Records for this task
[Start of Attachment]

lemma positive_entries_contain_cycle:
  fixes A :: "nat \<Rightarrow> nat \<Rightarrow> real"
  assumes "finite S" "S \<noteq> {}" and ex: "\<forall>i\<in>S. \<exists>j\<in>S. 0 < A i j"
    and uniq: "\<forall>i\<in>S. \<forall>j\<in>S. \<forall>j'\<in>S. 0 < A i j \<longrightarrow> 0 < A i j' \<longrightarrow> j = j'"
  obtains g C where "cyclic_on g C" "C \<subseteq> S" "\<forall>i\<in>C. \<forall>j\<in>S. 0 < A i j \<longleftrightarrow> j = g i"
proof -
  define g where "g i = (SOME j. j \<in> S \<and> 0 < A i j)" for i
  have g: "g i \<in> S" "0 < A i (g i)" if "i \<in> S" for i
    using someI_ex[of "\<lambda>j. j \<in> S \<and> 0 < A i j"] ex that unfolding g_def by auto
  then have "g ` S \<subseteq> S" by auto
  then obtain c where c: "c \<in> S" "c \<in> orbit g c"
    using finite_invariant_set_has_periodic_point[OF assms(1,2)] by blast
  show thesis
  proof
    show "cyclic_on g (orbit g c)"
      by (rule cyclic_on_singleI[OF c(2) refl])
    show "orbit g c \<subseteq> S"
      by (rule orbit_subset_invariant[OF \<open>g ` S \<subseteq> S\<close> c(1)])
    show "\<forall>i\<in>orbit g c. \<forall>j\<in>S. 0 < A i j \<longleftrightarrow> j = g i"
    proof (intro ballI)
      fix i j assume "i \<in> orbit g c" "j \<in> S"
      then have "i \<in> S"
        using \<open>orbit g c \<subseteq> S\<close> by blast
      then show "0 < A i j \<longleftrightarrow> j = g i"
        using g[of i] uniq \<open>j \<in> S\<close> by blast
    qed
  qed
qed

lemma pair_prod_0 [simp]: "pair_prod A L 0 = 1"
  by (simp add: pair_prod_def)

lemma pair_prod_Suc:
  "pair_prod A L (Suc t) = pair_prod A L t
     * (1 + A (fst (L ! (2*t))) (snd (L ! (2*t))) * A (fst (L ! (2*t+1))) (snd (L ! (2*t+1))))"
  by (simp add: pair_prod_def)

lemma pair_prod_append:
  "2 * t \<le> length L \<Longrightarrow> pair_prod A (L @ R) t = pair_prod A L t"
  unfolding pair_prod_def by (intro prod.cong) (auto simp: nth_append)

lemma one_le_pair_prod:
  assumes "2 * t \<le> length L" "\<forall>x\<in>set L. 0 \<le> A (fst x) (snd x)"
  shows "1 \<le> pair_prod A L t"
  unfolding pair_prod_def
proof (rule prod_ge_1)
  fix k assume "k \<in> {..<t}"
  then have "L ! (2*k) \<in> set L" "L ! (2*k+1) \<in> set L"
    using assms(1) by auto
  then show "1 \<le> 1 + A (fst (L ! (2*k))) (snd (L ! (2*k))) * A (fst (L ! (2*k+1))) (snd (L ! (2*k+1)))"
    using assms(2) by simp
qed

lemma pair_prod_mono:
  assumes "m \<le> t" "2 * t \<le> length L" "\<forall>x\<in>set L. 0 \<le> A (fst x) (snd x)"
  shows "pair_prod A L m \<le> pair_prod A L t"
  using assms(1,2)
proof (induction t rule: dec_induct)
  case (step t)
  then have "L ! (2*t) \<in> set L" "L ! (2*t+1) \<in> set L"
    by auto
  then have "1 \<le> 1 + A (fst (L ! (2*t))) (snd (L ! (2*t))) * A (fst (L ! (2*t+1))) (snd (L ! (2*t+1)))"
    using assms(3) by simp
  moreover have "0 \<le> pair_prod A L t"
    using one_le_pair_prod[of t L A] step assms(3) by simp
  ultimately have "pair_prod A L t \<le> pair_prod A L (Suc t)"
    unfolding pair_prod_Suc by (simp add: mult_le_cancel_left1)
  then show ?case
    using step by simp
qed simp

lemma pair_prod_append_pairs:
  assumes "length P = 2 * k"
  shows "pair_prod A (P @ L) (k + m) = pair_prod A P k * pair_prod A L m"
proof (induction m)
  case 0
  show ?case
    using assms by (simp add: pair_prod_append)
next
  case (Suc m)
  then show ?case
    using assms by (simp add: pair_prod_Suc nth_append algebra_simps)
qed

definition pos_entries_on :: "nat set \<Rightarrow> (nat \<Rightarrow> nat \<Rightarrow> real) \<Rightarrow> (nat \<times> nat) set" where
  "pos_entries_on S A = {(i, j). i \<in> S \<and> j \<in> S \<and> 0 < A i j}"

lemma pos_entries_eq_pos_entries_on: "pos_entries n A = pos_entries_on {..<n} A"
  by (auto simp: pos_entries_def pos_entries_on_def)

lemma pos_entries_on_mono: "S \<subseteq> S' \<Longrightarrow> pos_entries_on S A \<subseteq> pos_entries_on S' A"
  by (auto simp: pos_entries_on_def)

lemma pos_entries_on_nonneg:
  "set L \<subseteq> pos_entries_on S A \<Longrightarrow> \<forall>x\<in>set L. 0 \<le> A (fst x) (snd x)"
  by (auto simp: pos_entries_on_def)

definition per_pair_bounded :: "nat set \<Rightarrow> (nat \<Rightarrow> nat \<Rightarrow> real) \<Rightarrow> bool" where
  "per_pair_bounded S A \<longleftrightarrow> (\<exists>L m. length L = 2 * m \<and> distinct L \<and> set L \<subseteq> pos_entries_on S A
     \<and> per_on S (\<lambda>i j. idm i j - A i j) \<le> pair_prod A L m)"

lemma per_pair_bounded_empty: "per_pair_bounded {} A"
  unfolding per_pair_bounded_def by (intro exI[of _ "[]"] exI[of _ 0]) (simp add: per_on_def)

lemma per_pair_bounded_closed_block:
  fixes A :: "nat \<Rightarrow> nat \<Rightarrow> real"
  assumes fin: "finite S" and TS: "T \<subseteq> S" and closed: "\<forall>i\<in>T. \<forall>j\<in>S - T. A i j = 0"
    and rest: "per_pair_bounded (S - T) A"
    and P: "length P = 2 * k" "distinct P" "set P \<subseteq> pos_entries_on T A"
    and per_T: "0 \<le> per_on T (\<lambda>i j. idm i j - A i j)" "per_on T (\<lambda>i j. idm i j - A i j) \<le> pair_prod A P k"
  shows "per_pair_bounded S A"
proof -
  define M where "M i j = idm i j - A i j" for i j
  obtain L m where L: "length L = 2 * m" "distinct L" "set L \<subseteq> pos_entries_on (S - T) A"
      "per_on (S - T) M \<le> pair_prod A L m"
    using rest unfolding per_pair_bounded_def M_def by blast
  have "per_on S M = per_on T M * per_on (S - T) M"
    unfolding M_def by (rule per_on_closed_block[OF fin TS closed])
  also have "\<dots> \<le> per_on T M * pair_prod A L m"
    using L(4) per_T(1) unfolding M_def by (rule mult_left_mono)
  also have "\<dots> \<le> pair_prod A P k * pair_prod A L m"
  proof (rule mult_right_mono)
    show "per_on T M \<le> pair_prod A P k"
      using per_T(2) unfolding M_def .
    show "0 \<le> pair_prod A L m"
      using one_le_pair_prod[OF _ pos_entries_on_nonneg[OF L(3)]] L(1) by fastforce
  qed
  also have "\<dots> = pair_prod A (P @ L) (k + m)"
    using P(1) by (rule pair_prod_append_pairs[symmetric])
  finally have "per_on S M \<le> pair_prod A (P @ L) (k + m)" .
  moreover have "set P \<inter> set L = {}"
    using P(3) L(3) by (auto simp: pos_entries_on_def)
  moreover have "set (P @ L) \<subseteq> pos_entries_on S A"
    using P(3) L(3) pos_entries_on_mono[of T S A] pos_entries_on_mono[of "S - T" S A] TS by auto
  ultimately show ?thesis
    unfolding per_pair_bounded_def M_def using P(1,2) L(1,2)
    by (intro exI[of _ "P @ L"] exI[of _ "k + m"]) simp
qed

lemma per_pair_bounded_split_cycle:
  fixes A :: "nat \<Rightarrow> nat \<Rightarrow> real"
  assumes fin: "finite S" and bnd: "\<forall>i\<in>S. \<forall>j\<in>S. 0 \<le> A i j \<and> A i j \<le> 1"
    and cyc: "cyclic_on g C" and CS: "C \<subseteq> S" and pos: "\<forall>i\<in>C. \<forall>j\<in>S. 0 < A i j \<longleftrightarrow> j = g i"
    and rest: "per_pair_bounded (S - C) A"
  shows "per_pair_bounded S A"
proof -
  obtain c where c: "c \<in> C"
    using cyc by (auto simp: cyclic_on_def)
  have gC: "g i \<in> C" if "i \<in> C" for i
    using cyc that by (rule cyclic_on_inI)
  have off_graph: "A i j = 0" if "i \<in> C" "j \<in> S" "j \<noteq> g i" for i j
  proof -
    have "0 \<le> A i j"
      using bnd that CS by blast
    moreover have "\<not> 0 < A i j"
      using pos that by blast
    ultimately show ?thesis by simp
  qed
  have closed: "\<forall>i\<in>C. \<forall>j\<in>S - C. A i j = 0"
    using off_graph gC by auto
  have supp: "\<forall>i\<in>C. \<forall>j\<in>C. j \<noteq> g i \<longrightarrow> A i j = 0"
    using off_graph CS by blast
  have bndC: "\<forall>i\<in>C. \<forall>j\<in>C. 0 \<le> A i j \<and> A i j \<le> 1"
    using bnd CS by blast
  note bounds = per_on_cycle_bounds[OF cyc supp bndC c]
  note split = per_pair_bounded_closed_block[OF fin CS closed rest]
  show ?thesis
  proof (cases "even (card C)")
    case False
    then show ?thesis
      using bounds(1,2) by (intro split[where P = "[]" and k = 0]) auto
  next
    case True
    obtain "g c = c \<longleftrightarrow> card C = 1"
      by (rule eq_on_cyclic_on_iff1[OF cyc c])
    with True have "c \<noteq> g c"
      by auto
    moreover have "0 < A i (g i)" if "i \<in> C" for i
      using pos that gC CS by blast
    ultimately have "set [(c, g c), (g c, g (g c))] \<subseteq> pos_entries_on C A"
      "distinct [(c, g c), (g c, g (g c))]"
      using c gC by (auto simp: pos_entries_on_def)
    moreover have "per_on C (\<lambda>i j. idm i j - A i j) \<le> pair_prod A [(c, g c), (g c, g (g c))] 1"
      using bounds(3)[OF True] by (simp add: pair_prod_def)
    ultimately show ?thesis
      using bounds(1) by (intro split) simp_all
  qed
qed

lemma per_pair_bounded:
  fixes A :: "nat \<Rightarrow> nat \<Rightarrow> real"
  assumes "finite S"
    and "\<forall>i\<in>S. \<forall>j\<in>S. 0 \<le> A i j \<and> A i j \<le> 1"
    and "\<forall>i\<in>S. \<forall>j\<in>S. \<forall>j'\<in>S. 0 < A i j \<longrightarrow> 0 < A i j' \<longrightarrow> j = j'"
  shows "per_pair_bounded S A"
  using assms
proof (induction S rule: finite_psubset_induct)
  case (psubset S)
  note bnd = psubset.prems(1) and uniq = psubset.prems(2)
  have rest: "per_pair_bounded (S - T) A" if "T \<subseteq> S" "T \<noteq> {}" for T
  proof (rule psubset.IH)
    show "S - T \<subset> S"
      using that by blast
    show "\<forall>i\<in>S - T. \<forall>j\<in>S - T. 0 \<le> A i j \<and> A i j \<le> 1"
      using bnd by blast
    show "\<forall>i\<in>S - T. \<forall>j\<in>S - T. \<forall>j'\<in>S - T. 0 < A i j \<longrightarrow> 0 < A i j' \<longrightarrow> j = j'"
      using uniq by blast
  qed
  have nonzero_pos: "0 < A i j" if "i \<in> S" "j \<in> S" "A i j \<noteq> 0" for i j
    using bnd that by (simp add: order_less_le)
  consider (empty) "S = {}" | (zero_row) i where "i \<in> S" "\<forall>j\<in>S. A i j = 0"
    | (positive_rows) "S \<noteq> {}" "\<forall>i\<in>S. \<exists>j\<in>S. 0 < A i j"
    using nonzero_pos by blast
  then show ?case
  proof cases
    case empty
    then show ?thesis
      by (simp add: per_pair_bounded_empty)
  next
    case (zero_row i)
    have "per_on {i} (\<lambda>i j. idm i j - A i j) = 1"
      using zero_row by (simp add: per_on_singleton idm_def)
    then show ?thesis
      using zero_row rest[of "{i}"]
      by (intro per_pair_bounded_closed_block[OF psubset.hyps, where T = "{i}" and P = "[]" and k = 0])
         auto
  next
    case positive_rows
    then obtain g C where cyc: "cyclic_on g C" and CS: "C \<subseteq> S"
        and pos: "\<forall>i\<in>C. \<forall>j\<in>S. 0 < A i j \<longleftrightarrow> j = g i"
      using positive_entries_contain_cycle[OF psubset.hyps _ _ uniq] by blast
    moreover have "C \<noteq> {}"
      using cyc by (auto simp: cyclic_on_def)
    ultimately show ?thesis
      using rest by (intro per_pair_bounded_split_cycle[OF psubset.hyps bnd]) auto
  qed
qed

[End of Attachment]

What this task involves
Copy, please, exactly the lines that start at the first line of the data and end at the line containing "using finite_invariant_set_has_periodic_point[OF assms(1,2)]", both kept and no others.

Solution
lemma positive_entries_contain_cycle:
  fixes A :: "nat \<Rightarrow> nat \<Rightarrow> real"
  assumes "finite S" "S \<noteq> {}" and ex: "\<forall>i\<in>S. \<exists>j\<in>S. 0 < A i j"
    and uniq: "\<forall>i\<in>S. \<forall>j\<in>S. \<forall>j'\<in>S. 0 < A i j \<longrightarrow> 0 < A i j' \<longrightarrow> j = j'"
  obtains g C where "cyclic_on g C" "C \<subseteq> S" "\<forall>i\<in>C. \<forall>j\<in>S. 0 < A i j \<longleftrightarrow> j = g i"
proof -
  define g where "g i = (SOME j. j \<in> S \<and> 0 < A i j)" for i
  have g: "g i \<in> S" "0 < A i (g i)" if "i \<in> S" for i
    using someI_ex[of "\<lambda>j. j \<in> S \<and> 0 < A i j"] ex that unfolding g_def by auto
  then have "g ` S \<subseteq> S" by auto
  then obtain c where c: "c \<in> S" "c \<in> orbit g c"
    using finite_invariant_set_has_periodic_point[OF assms(1,2)] by blast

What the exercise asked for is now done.